• [THE PROBLEM]: Please write out the complete listing that follows, exactly as it reads.
====== EXTRACTED DATA
(* Consider a Pandora's box problem with sequential inspection. Let $(\mathcal{C},\mathcal{P},y)$ be any state in which stopping is not an optimal action, and suppose that a closed box $i\in\mathcal{C}$ satisfies $\sigma_i^F>\sigma_i^P$ and that $\sigma_i^F$ is the largest opening threshold in that state, i.e. $$\sigma_i^F=\max\Big\{\max_{j\in\mathcal{C}}\max\{\sigma_j^F,\sigma_j^P\},\ \max_{j\in\mathcal{P}}\sigma_j^{F\mid t_j}\Big\}.$$ Then there exists an optimal policy that F-opens box $i$ immediately.
   Context: Pandora's box problem with sequential inspection: there are $N$ independent boxes. Box $i$ has a type $T_i$ taking values in a finite set $\Gamma_i$ and a nonnegative prize $V_i$, with a known joint distribution of $(V_i,T_i)$; different boxes are independent. A closed box $i$ can be F-opened (fully opened) at cost $c_i^F$, which reveals $V_i$, or P-opened (partially opened) at cost $c_i^P$, which reveals only $T_i$; a partially opened box can later be F-opened at an additional cost $c_i^F$. At any time the decision maker may stop and collect the largest prize among the F-opened boxes (or the initial value $y$). The objective is to maximize the expected collected prize minus the total inspection costs. A state is $(\mathcal{C},\mathcal{P},y)$ where $\mathcal{C}$ is the set of closed boxes, $\mathcal{P}$ is the set of partially opened boxes together with their revealed types $t_j$, and $y$ is the largest prize found so far. Thresholds: $\sigma_i^F$ solves $\mathbb{E}[(V_i-\sigma)^+]=c_i^F$; $\sigma_i^{F\mid t}$ solves $\mathbb{E}[(V_i-\sigma)^+\mid T_i=t]=c_i^F$; $\sigma_i^P$ solves $\mathbb{E}\big[\max\{0,-c_i^F+\mathbb{E}[(V_i-\sigma)^+\mid T_i]\}\big]=c_i^P$. The opening thresholds of a state are $\sigma_j^F,\sigma_j^P$ for $j\in\mathcal{C}$ and $\sigma_j^{F\mid t_j}$ for $j\in\mathcal{P}$. *)

theory Defs
  imports "HOL-Probability.Probability"
begin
============
• [OUTPUT]:
(* Consider a Pandora's box problem with sequential inspection. Let $(\mathcal{C},\mathcal{P},y)$ be any state in which stopping is not an optimal action, and suppose that a closed box $i\in\mathcal{C}$ satisfies $\sigma_i^F>\sigma_i^P$ and that $\sigma_i^F$ is the largest opening threshold in that state, i.e. $$\sigma_i^F=\max\Big\{\max_{j\in\mathcal{C}}\max\{\sigma_j^F,\sigma_j^P\},\ \max_{j\in\mathcal{P}}\sigma_j^{F\mid t_j}\Big\}.$$ Then there exists an optimal policy that F-opens box $i$ immediately.
   Context: Pandora's box problem with sequential inspection: there are $N$ independent boxes. Box $i$ has a type $T_i$ taking values in a finite set $\Gamma_i$ and a nonnegative prize $V_i$, with a known joint distribution of $(V_i,T_i)$; different boxes are independent. A closed box $i$ can be F-opened (fully opened) at cost $c_i^F$, which reveals $V_i$, or P-opened (partially opened) at cost $c_i^P$, which reveals only $T_i$; a partially opened box can later be F-opened at an additional cost $c_i^F$. At any time the decision maker may stop and collect the largest prize among the F-opened boxes (or the initial value $y$). The objective is to maximize the expected collected prize minus the total inspection costs. A state is $(\mathcal{C},\mathcal{P},y)$ where $\mathcal{C}$ is the set of closed boxes, $\mathcal{P}$ is the set of partially opened boxes together with their revealed types $t_j$, and $y$ is the largest prize found so far. Thresholds: $\sigma_i^F$ solves $\mathbb{E}[(V_i-\sigma)^+]=c_i^F$; $\sigma_i^{F\mid t}$ solves $\mathbb{E}[(V_i-\sigma)^+\mid T_i=t]=c_i^F$; $\sigma_i^P$ solves $\mathbb{E}\big[\max\{0,-c_i^F+\mathbb{E}[(V_i-\sigma)^+\mid T_i]\}\big]=c_i^P$. The opening thresholds of a state are $\sigma_j^F,\sigma_j^P$ for $j\in\mathcal{C}$ and $\sigma_j^{F\mid t_j}$ for $j\in\mathcal{P}$. *)

theory Defs
  imports "HOL-Probability.Probability"
begin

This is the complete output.